Records to use »
subsection \<open>Hexagons touching S\<close>

lemma hexagon_corner_on_S:
  assumes "x \<in> D" "len x = 6" "on_S (V x)"
  shows "card (V x) = 3"
    and "F (rot x) = S \<and> len (rot (rot x)) = 3 \<or> F (rot (rot x)) = S \<and> len (rot x) = 3"
proof -
  obtain c where c: "c \<in> S" "V c = V x" using assms(3) by auto
  then have cx: "c \<in> V x" using V_self[of c] by simp
  have len_c: "len c \<ge> 12" using len_S[OF c(1)] S_large by simp
  note hex = vertex_large_face_hexagon[OF assms(1) cx V_self len_c assms(2)]
  show deg: "card (V x) = 3" by (rule hex(1))
  note enum = orbit_card_3[OF permutation_rot deg]
  have "c \<noteq> x" using len_c assms(2) by auto
  then have "c = rot x \<or> c = rot (rot x)" using cx enum(3) by simp
  then show "F (rot x) = S \<and> len (rot (rot x)) = 3 \<or> F (rot (rot x)) = S \<and> len (rot x) = 3"
  proof
    assume "c = rot x"
    then show ?thesis using hex(2)[of "rot (rot x)"] enum(2,3) F_S[OF c(1)] by auto
  next
    assume "c = rot (rot x)"
    then show ?thesis using hex(2)[of "rot x"] enum(2,3) F_S[OF c(1)] by auto
  qed
qed

lemma rot3_at_hexagon_on_S:
  assumes "x \<in> D" "len x = 6" "on_S (V (al x))"
  shows "rot (rot (rot (al x))) = al x"
proof -
  have "card (V (rot (al x))) = 3"
    using hexagon_corner_on_S(1)[OF rot_in_D[OF al_in_D[OF assms(1)]]] assms by simp
  then show ?thesis using orbit_card_3(1)[OF permutation_rot] by simp
qed

lemma hexagon_enters_S:
  assumes "g \<in> D" "len g = 6" "\<not> on_S (V g)" "on_S (V (rot (al g)))"
  shows "al (rot (al g)) \<in> S"
proof -
  define h where "h = rot (al g)"
  have hD: "h \<in> D" using assms(1) by (simp add: h_def al_in_D rot_in_D)
  have rr: "rot (rot h) = al g" using rot3_at_hexagon_on_S[OF assms(1,2)] assms(4) by (simp add: h_def)
  have "F (rot (rot h)) \<noteq> S"
  proof
    assume "F (rot (rot h)) = S"
    then have "rot g \<in> S" using rr F_al[OF assms(1)] in_S_if_F by simp
    then show False using assms(3) V_rot[of g] by (metis imageI)
  qed
  then have "F (al h) = S"
    using hexagon_corner_on_S(2)[OF hD] assms(2,4) F_al[OF hD] by (simp add: h_def)
  then show ?thesis using in_S_if_F by (simp add: h_def)
qed

lemma hexagon_leaves_S:
  assumes "g \<in> D" "len g = 6" "on_S (V (rot (al g)))" "\<not> on_S (V (rot (al (rot (al g)))))"
  shows "rot g \<in> S"
proof -
  define h where "h = rot (al g)"
  have hD: "h \<in> D" using assms(1) by (simp add: h_def al_in_D rot_in_D)
  have rr: "rot (rot h) = al g" using rot3_at_hexagon_on_S[OF assms(1,2)] assms(3) by (simp add: h_def)
  have "F (rot h) \<noteq> S"
  proof
    assume "F (rot h) = S"
    then have "al h \<in> S" using F_al[OF hD] in_S_if_F by simp
    then show False using assms(4) V_rot[of "al h"] by (metis h_def imageI)
  qed
  then have "F (rot (rot h)) = S"
    using hexagon_corner_on_S(2)[OF hD] assms(2,3) by (simp add: h_def)
  then show ?thesis using rr F_al[OF assms(1)] in_S_if_F by simp
qed

lemma hexagon_after_S_edge:
  assumes "g \<in> D" "len g = 6" "al g \<in> S"
  shows "len (rot (rot (al g))) = 3"
proof -
  define h where "h = rot (al g)"
  have hD: "h \<in> D" using assms(1) by (simp add: h_def al_in_D rot_in_D)
  have on_S: "on_S (V h)" using assms(3) by (simp add: h_def)
  have rr: "rot (rot h) = al g" using rot3_at_hexagon_on_S[OF assms(1,2)] assms(3) by (simp add: h_def)
  have "len (rot (rot h)) \<noteq> 3" using rr len_S[OF assms(3)] S_large by simp
  then show ?thesis
    using hexagon_corner_on_S(2)[OF hD] assms(2) on_S by (simp add: h_def)
qed

text \<open>Two corners of S and a triangle at one vertex give curvature at most 2/N - 1/6 \<le> 0.\<close>

lemma no_triangle_between_S_corners:
  assumes "e \<in> S" "rot (rot e) \<in> S" "len (rot e) = 3"
  shows False
proof -
  have eD: "e \<in> D" using assms(1) S_subset_D by blast
  have lens: "len e = N" "len (rot (rot e)) = N" using len_S assms(1,2) by auto
  have dist: "e \<noteq> rot e" "rot e \<noteq> rot (rot e)" "e \<noteq> rot (rot e)"
    using lens assms(3) S_large rot_rot_neq[OF eD] by auto
  have "rot e \<in> V e" "rot (rot e) \<in> V e" using V_self V_rot by (metis, metis)
  then have "curv al rot (V e) \<le> 1 + (1 / real N - 1/2) + (1/3 - 1/2) + (1 / real N - 1/2)"
    using curv_le_corners[OF eD, of "{e, rot e, rot (rot e)}"] V_self[of e] dist lens assms(3)
    by simp
  moreover have "1 / real N \<le> 1/12" using S_large by (simp add: divide_simps)
  ultimately show False using curv_pos[OF eD] by linarith
qed

lemma no_triangle_across_hexagon_edge:
  assumes "g \<in> D" "len g = 6" "len (rot g) = 3" "rot (rot g) \<in> S" "rot (rot (al g)) \<in> S"
  shows False
proof -
  define e where "e = al (rot g)"
  have eD: "rot e \<in> D" using assms(1) by (simp add: e_def al_in_D rot_in_D)
  have "rot (al e) = rot (rot g)" using rot_in_D[OF assms(1)] by (simp add: e_def)
  then have "F e = S" using F_phi[of e] F_S[OF assms(4)] by simp
  moreover have "rot e = al (rot (rot (al g)))"
  proof -
    have "on_S (V (al g))" using assms(5) V_rot[of "al g"] V_rot[of "rot (al g)"] by (metis imageI)
    then have "rot (al (rot e)) = rot (rot (rot (al g)))"
      using triangle_phi3[OF assms(1,3)] rot3_at_hexagon_on_S[OF assms(1,2)] by (simp add: e_def)
    then have "al (al (rot e)) = al (rot (rot (al g)))" using inj_rot by (simp add: inj_eq)
    then show ?thesis using eD by simp
  qed
  then have "F (rot (rot e)) = S" using F_S[OF assms(5)] F_phi[of "rot (rot (al g))"] by simp
  moreover have "len (rot e) = 3" using assms(3) by (simp add: e_def)
  ultimately show False using no_triangle_between_S_corners in_S_if_F by blast
qed

text \<open>S runs along the hexagon edges of g2 and g4; the triangle across the edge of g3 then has a
  vertex with two corners in S.\<close>

lemma hexagon_meets_S:
  assumes "g0 \<in> D" "len g0 = 6" "g5 \<in> D" "rot (al g5) = g0"
    and "\<not> on_S (V g0)" "\<not> on_S (V (rot (al g0)))"
    and "on_S (V (rot (al (rot (al g0)))))" "on_S (V g5)"
  shows False
proof -
  define g1 where "g1 = rot (al g0)"
  define g2 where "g2 = rot (al g1)"
  define g3 where "g3 = rot (al g2)"
  define g4 where "g4 = rot (al g3)"
  have D: "g1 \<in> D" "g2 \<in> D" "g3 \<in> D" "g4 \<in> D"
    using assms(1) by (simp_all add: g1_def g2_def g3_def g4_def al_in_D rot_in_D)
  have len: "len g1 = 6" "len g2 = 6" "len g3 = 6" "len g4 = 6"
    using assms(2) by (simp_all add: g1_def g2_def g3_def g4_def)
  have "(phi ^^ 6) g0 = g0" using funpow_card_orbit[OF permutation_phi, of g0] assms(2) by simp
  then have "phi (rot (al g4)) = phi g5"
    using assms(4) by (simp add: g1_def g2_def g3_def g4_def eval_nat_numeral)
  then have g45: "rot (al g4) = g5"
    using injD[OF inj_phi, of "rot (al g4)" g5] by simp
  have ag2: "al g2 \<in> S"
    using hexagon_enters_S[OF D(1) len(1)] assms(6,7) by (simp add: g1_def g2_def)
  then have "rot (rot g3) \<in> S" using rot3_at_hexagon_on_S[OF D(2) len(2)] by (simp add: g3_def)
  moreover have "len (rot g3) = 3"
    using hexagon_after_S_edge[OF D(2) len(2) ag2] by (simp add: g3_def)
  moreover have "rot g4 \<in> S"
    using hexagon_leaves_S[OF D(4) len(4)] g45 assms(4,5,8) by simp
  ultimately show False
    using no_triangle_across_hexagon_edge[OF D(3) len(3)] by (simp add: g4_def)
qed

subsection \<open>The triangle \<tau>_v at vertices of C1 and C16\<close>

lemma C1_not_on_S: "v \<in> C1 D al rot S \<Longrightarrow> \<not> on_S v"
  by (simp add: C1_def face_verts_eq)

lemma C1_triangle_corner:
  assumes "v \<in> C1 D al rot S"
  obtains t where "t \<in> v" "t \<in> D" "len t = 3" "F t \<in> Tset D al rot S"
proof -
  obtain T where "T \<in> Tset D al rot S" "v \<in> face_verts rot T"
    using assms unfolding C1_def by auto
  with Tset_corner that show ?thesis by metis
qed

lemma tau_eq_F:
  assumes "v \<in> C1 D al rot S" "w0 \<in> v"
    and "\<And>w. w \<in> v \<Longrightarrow> len w = 3 \<Longrightarrow> F w \<in> Tset D al rot S \<Longrightarrow> F w = F w0"
  shows "F w0 \<in> Tset D al rot S" "tau D al rot S v = F w0"
proof -
  have v: "v \<in> verts D rot" using assms(1) by (simp add: C1_def)
  obtain t where t: "t \<in> v" "len t = 3" "F t \<in> Tset D al rot S"
    using C1_triangle_corner[OF assms(1)] by metis
  show T: "F w0 \<in> Tset D al rot S" using assms(3)[OF t] t(3) by simp
  have "v \<in> face_verts rot (F w0)"
    using V_eq_vertex[OF v assms(2)] F_self[of w0] by (auto simp: face_verts_eq)
  moreover have "T = F w0" if T: "T \<in> Tset D al rot S" "v \<in> face_verts rot T" for T
  proof -
    obtain t where "t \<in> v" "T = F t" "len t = 3" using Tset_corner[OF T] by auto
    then show ?thesis using assms(3) T(1) by simp
  qed
  ultimately show "tau D al rot S v = F w0" using tau_eqI[OF T] by blast
qed

lemma A1_neighbour:
  assumes "y \<in> D" "V (al y) \<in> A1 D al rot S"
  shows "len y \<noteq> 5 \<and> len y \<noteq> 6 \<and> len (rot y) \<noteq> 5 \<and> len (rot y) \<noteq> 6"
  using A1_corner[OF assms(2) V_self] A1_corner[OF assms(2), of "rot (al y)"] V_self[of "rot (al y)"]
    F_al[OF assms(1)] by simp

lemma A6_neighbour:
  assumes "y \<in> D" "V (al y) \<in> A6 D al rot S"
  shows "len y \<noteq> 5 \<and> len (rot y) \<noteq> 5"
  using A6_corner[OF assms(2) V_self] A6_corner[OF assms(2), of "rot (al y)"] V_self[of "rot (al y)"]
    F_al[OF assms(1)] by simp

lemma A156_neighbour_pentagon:
  assumes "y \<in> D" "V (al y) \<in> A156" "len y = 5 \<or> len (rot y) = 5"
  shows "V (al y) \<in> A5 D al rot S"
  using A156_pentagon[OF assms(2) V_self] A156_pentagon[OF assms(2), of "rot (al y)"]
    V_self[of "rot (al y)"] F_al[OF assms(1)] assms(3) by auto

lemma A156_neighbour_triangles:
  assumes "y \<in> D" "V (al y) \<in> A156" "len y = 3" "len (rot y) = 3"
  shows "V (al y) \<in> A1 D al rot S"
proof (rule A156_two_triangles[OF assms(2) V_self])
  show "rot (al y) \<in> V (al y)" using V_self[of "rot (al y)"] by simp
  show "al y \<noteq> rot (al y)" using rot_neq[OF al_in_D[OF assms(1)]] by simp
  show "len (al y) = 3" "len (rot (al y)) = 3" using F_al[OF assms(1)] assms(3,4) by simp_all
qed

lemma C15I:
  assumes "V y \<in> C1 D al rot S" "y \<in> D" "len (rot y) = 3" "tau D al rot S (V y) = F (rot y)"
    and "V (al y) \<in> A5 D al rot S \<and> V (al (rot y)) \<in> A1 D al rot S
      \<or> V (al y) \<in> A1 D al rot S \<and> V (al (rot y)) \<in> A5 D al rot S"
  shows "V y \<in> C15 D al rot S"
proof -
  have "face_verts rot (tau D al rot S (V y)) = {V y, V (al y), V (al (rot y))}"
    using triangle_vertices(1)[OF assms(2,3)] assms(4) by (simp add: face_verts_eq)
  then show ?thesis
    using assms(1,5) unfolding C15_def by (auto simp: insert_commute)
qed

Instructions to follow »
Find the word "define" in the data and copy out each line where it turns up.

Written answer »
  define h where "h = rot (al g)"
  define h where "h = rot (al g)"
  define h where "h = rot (al g)"
  define e where "e = al (rot g)"
  define g1 where "g1 = rot (al g0)"
  define g2 where "g2 = rot (al g1)"
  define g3 where "g3 = rot (al g2)"
  define g4 where "g4 = rot (al g3)"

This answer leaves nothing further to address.